━━ DATASET ━━
lemma adj_mult:
  assumes "A \<in> carrier_mat r m" "B \<in> carrier_mat m c"
  shows "adj (A * B) = adj B * adj A"
proof (rule eq_matI)
  fix i j assume ij: "i < dim_row (adj B * adj A)" "j < dim_col (adj B * adj A)"
  have "adj (A * B) $$ (i, j) = cnj (\<Sum>t<m. A $$ (j, t) * B $$ (t, i))"
    using assms ij by (simp del: index_mult_mat(1) add: index_mult_mat_sum[of A r m B c])
  also have "\<dots> = (\<Sum>t<m. adj B $$ (i, t) * adj A $$ (t, j))"
    using assms ij by (auto simp: mult.commute intro!: sum.cong)
  also have "\<dots> = (adj B * adj A) $$ (i, j)"
    using assms ij by (simp del: index_mult_mat(1) add: index_mult_mat_sum[of "adj B" c m "adj A" r])
  finally show "adj (A * B) $$ (i, j) = (adj B * adj A) $$ (i, j)" .
qed (use assms in auto)

lemma adj_smult: "adj (a \<cdot>\<^sub>m A) = cnj a \<cdot>\<^sub>m adj A"
  by (intro eq_matI) auto

lemma adj_add: "A \<in> carrier_mat r c \<Longrightarrow> B \<in> carrier_mat r c \<Longrightarrow> adj (A + B) = adj A + adj B"
  by (intro eq_matI) auto

lemma adj_adj [simp]: "adj (adj A) = A"
  by (intro eq_matI) auto

lemma adj_zero [simp]: "adj (0\<^sub>m r c) = 0\<^sub>m c r"
  by (intro eq_matI) auto

lemma adj_one [simp]: "adj (1\<^sub>m n) = 1\<^sub>m n"
  by (intro eq_matI) auto

lemma adj_mult_eq_zero_swap:
  assumes "A \<in> carrier_mat n m" "B \<in> carrier_mat n k" "adj A * B = 0\<^sub>m m k"
  shows "adj B * A = 0\<^sub>m k m"
proof -
  have "adj B * A = adj (adj A * B)"
    using assms(1,2) adj_mult[of "adj A" m n B k] by simp
  then show ?thesis
    using assms(3) by simp
qed

lemma sum_swap3:
  "(\<Sum>x\<in>A. \<Sum>y\<in>B. \<Sum>z\<in>C. f x y z) = (\<Sum>z\<in>C. \<Sum>y\<in>B. \<Sum>x\<in>A. f x y z)"
proof -
  have "(\<Sum>x\<in>A. \<Sum>y\<in>B. \<Sum>z\<in>C. f x y z) = (\<Sum>x\<in>A. \<Sum>z\<in>C. \<Sum>y\<in>B. f x y z)"
    by (rule sum.cong[OF refl], rule sum.swap)
  also have "\<dots> = (\<Sum>z\<in>C. \<Sum>x\<in>A. \<Sum>y\<in>B. f x y z)"
    by (rule sum.swap)
  also have "\<dots> = (\<Sum>z\<in>C. \<Sum>y\<in>B. \<Sum>x\<in>A. f x y z)"
    by (rule sum.cong[OF refl], rule sum.swap)
  finally show ?thesis .
qed

lemma tr_add:
  "dim_row A = n \<Longrightarrow> dim_col A = n \<Longrightarrow> dim_row B = n \<Longrightarrow> dim_col B = n \<Longrightarrow>
   tr (A + B) = tr A + tr B"
  by (auto simp: tr_def sum.distrib)

lemma tr_diff:
  "dim_row A = n \<Longrightarrow> dim_col A = n \<Longrightarrow> dim_row B = n \<Longrightarrow> dim_col B = n \<Longrightarrow>
   tr (A - B) = tr A - tr B"
  by (auto simp: tr_def sum_subtractf)

lemma tr_smult: "dim_col A = dim_row A \<Longrightarrow> tr (a \<cdot>\<^sub>m A) = a * tr A"
  by (auto simp: tr_def sum_distrib_left)

lemma tr_zero [simp]: "tr (0\<^sub>m n n) = 0"
  by (auto simp: tr_def)

lemma tr_one_mat: "tr (1\<^sub>m n) = of_nat n"
  by (simp add: tr_def)

lemma tr_mult_comm:
  assumes "A \<in> carrier_mat n m" "B \<in> carrier_mat m n"
  shows "tr (A * B) = tr (B * A)"
proof -
  have "tr (A * B) = (\<Sum>i<n. \<Sum>t<m. A $$ (i, t) * B $$ (t, i))"
    using assms by (auto simp del: index_mult_mat(1) simp: tr_def index_mult_mat_sum[of _ _ m])
  also have "\<dots> = (\<Sum>t<m. \<Sum>i<n. B $$ (t, i) * A $$ (i, t))"
    by (subst sum.swap) (simp add: mult.commute)
  also have "\<dots> = tr (B * A)"
    using assms by (auto simp del: index_mult_mat(1) simp: tr_def index_mult_mat_sum[of _ _ n])
  finally show ?thesis .
qed

lemma hs_one_left: "dim_row Y = n \<Longrightarrow> hs (1\<^sub>m n) Y = tr Y"
  unfolding hs_def adj_one by (metis carrier_matI left_mult_one_mat)

lemma hs_zero_right [simp]: "X \<in> carrier_mat n n \<Longrightarrow> hs X (0\<^sub>m n n) = 0"
  by (simp add: hs_def)

lemma hs_add_right:
  assumes "X \<in> carrier_mat n n" "dim_row Y = n" "dim_col Y = n" "dim_row Z = n" "dim_col Z = n"
  shows "hs X (Y + Z) = hs X Y + hs X Z"
proof -
  have "Y \<in> carrier_mat n n" "Z \<in> carrier_mat n n"
    using assms by auto
  then show ?thesis
    using assms by (simp add: hs_def mult_add_distrib_mat[of _ n n _ n] tr_add[of _ n])
qed

lemma hs_smult_right:
  assumes "X \<in> carrier_mat n n" "dim_row Y = n" "dim_col Y = n"
  shows "hs X (c \<cdot>\<^sub>m Y) = c * hs X Y"
proof -
  have "Y \<in> carrier_mat n n"
    using assms by auto
  then show ?thesis
    using assms by (simp add: hs_def mult_smult_distrib[of _ n n _ n] tr_smult)
qed

lemma hs_scalar_left:
  "Y \<in> carrier_mat n n \<Longrightarrow> hs (c \<cdot>\<^sub>m 1\<^sub>m n) Y = cnj c * tr Y"
  by (simp add: hs_def adj_smult mult_smult_assoc_mat[of _ n n _ n] tr_smult)

lemma assoc_mult_mat_dim:
  "dim_col A = dim_row B \<Longrightarrow> dim_col B = dim_row C \<Longrightarrow> A * B * C = A * (B * C)"
  by (rule assoc_mult_mat[of A "dim_row A" "dim_col A" B "dim_col B" C "dim_col C"])
     (auto intro: carrier_matI)

lemma smult_smult_mat: "a \<cdot>\<^sub>m (b \<cdot>\<^sub>m A) = (a * b :: 'a :: semigroup_mult) \<cdot>\<^sub>m A"
  by (intro eq_matI) (auto simp: mult.assoc)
━━━
WORK ORDER: All records are to be written out exactly.

RESPONSE BOX:
lemma adj_mult:
  assumes "A \<in> carrier_mat r m" "B \<in> carrier_mat m c"
  shows "adj (A * B) = adj B * adj A"
proof (rule eq_matI)
  fix i j assume ij: "i < dim_row (adj B * adj A)" "j < dim_col (adj B * adj A)"
  have "adj (A * B) $$ (i, j) = cnj (\<Sum>t<m. A $$ (j, t) * B $$ (t, i))"
    using assms ij by (simp del: index_mult_mat(1) add: index_mult_mat_sum[of A r m B c])
  also have "\<dots> = (\<Sum>t<m. adj B $$ (i, t) * adj A $$ (t, j))"
    using assms ij by (auto simp: mult.commute intro!: sum.cong)
  also have "\<dots> = (adj B * adj A) $$ (i, j)"
    using assms ij by (simp del: index_mult_mat(1) add: index_mult_mat_sum[of "adj B" c m "adj A" r])
  finally show "adj (A * B) $$ (i, j) = (adj B * adj A) $$ (i, j)" .
qed (use assms in auto)

lemma adj_smult: "adj (a \<cdot>\<^sub>m A) = cnj a \<cdot>\<^sub>m adj A"
  by (intro eq_matI) auto

lemma adj_add: "A \<in> carrier_mat r c \<Longrightarrow> B \<in> carrier_mat r c \<Longrightarrow> adj (A + B) = adj A + adj B"
  by (intro eq_matI) auto

lemma adj_adj [simp]: "adj (adj A) = A"
  by (intro eq_matI) auto

lemma adj_zero [simp]: "adj (0\<^sub>m r c) = 0\<^sub>m c r"
  by (intro eq_matI) auto

lemma adj_one [simp]: "adj (1\<^sub>m n) = 1\<^sub>m n"
  by (intro eq_matI) auto

lemma adj_mult_eq_zero_swap:
  assumes "A \<in> carrier_mat n m" "B \<in> carrier_mat n k" "adj A * B = 0\<^sub>m m k"
  shows "adj B * A = 0\<^sub>m k m"
proof -
  have "adj B * A = adj (adj A * B)"
    using assms(1,2) adj_mult[of "adj A" m n B k] by simp
  then show ?thesis
    using assms(3) by simp
qed

lemma sum_swap3:
  "(\<Sum>x\<in>A. \<Sum>y\<in>B. \<Sum>z\<in>C. f x y z) = (\<Sum>z\<in>C. \<Sum>y\<in>B. \<Sum>x\<in>A. f x y z)"
proof -
  have "(\<Sum>x\<in>A. \<Sum>y\<in>B. \<Sum>z\<in>C. f x y z) = (\<Sum>x\<in>A. \<Sum>z\<in>C. \<Sum>y\<in>B. f x y z)"
    by (rule sum.cong[OF refl], rule sum.swap)
  also have "\<dots> = (\<Sum>z\<in>C. \<Sum>x\<in>A. \<Sum>y\<in>B. f x y z)"
    by (rule sum.swap)
  also have "\<dots> = (\<Sum>z\<in>C. \<Sum>y\<in>B. \<Sum>x\<in>A. f x y z)"
    by (rule sum.cong[OF refl], rule sum.swap)
  finally show ?thesis .
qed

lemma tr_add:
  "dim_row A = n \<Longrightarrow> dim_col A = n \<Longrightarrow> dim_row B = n \<Longrightarrow> dim_col B = n \<Longrightarrow>
   tr (A + B) = tr A + tr B"
  by (auto simp: tr_def sum.distrib)

lemma tr_diff:
  "dim_row A = n \<Longrightarrow> dim_col A = n \<Longrightarrow> dim_row B = n \<Longrightarrow> dim_col B = n \<Longrightarrow>
   tr (A - B) = tr A - tr B"
  by (auto simp: tr_def sum_subtractf)

lemma tr_smult: "dim_col A = dim_row A \<Longrightarrow> tr (a \<cdot>\<^sub>m A) = a * tr A"
  by (auto simp: tr_def sum_distrib_left)

lemma tr_zero [simp]: "tr (0\<^sub>m n n) = 0"
  by (auto simp: tr_def)

lemma tr_one_mat: "tr (1\<^sub>m n) = of_nat n"
  by (simp add: tr_def)

lemma tr_mult_comm:
  assumes "A \<in> carrier_mat n m" "B \<in> carrier_mat m n"
  shows "tr (A * B) = tr (B * A)"
proof -
  have "tr (A * B) = (\<Sum>i<n. \<Sum>t<m. A $$ (i, t) * B $$ (t, i))"
    using assms by (auto simp del: index_mult_mat(1) simp: tr_def index_mult_mat_sum[of _ _ m])
  also have "\<dots> = (\<Sum>t<m. \<Sum>i<n. B $$ (t, i) * A $$ (i, t))"
    by (subst sum.swap) (simp add: mult.commute)
  also have "\<dots> = tr (B * A)"
    using assms by (auto simp del: index_mult_mat(1) simp: tr_def index_mult_mat_sum[of _ _ n])
  finally show ?thesis .
qed

lemma hs_one_left: "dim_row Y = n \<Longrightarrow> hs (1\<^sub>m n) Y = tr Y"
  unfolding hs_def adj_one by (metis carrier_matI left_mult_one_mat)

lemma hs_zero_right [simp]: "X \<in> carrier_mat n n \<Longrightarrow> hs X (0\<^sub>m n n) = 0"
  by (simp add: hs_def)

lemma hs_add_right:
  assumes "X \<in> carrier_mat n n" "dim_row Y = n" "dim_col Y = n" "dim_row Z = n" "dim_col Z = n"
  shows "hs X (Y + Z) = hs X Y + hs X Z"
proof -
  have "Y \<in> carrier_mat n n" "Z \<in> carrier_mat n n"
    using assms by auto
  then show ?thesis
    using assms by (simp add: hs_def mult_add_distrib_mat[of _ n n _ n] tr_add[of _ n])
qed

lemma hs_smult_right:
  assumes "X \<in> carrier_mat n n" "dim_row Y = n" "dim_col Y = n"
  shows "hs X (c \<cdot>\<^sub>m Y) = c * hs X Y"
proof -
  have "Y \<in> carrier_mat n n"
    using assms by auto
  then show ?thesis
    using assms by (simp add: hs_def mult_smult_distrib[of _ n n _ n] tr_smult)
qed

lemma hs_scalar_left:
  "Y \<in> carrier_mat n n \<Longrightarrow> hs (c \<cdot>\<^sub>m 1\<^sub>m n) Y = cnj c * tr Y"
  by (simp add: hs_def adj_smult mult_smult_assoc_mat[of _ n n _ n] tr_smult)

lemma assoc_mult_mat_dim:
  "dim_col A = dim_row B \<Longrightarrow> dim_col B = dim_row C \<Longrightarrow> A * B * C = A * (B * C)"
  by (rule assoc_mult_mat[of A "dim_row A" "dim_col A" B "dim_col B" C "dim_col C"])
     (auto intro: carrier_matI)

lemma smult_smult_mat: "a \<cdot>\<^sub>m (b \<cdot>\<^sub>m A) = (a * b :: 'a :: semigroup_mult) \<cdot>\<^sub>m A"
  by (intro eq_matI) (auto simp: mult.assoc)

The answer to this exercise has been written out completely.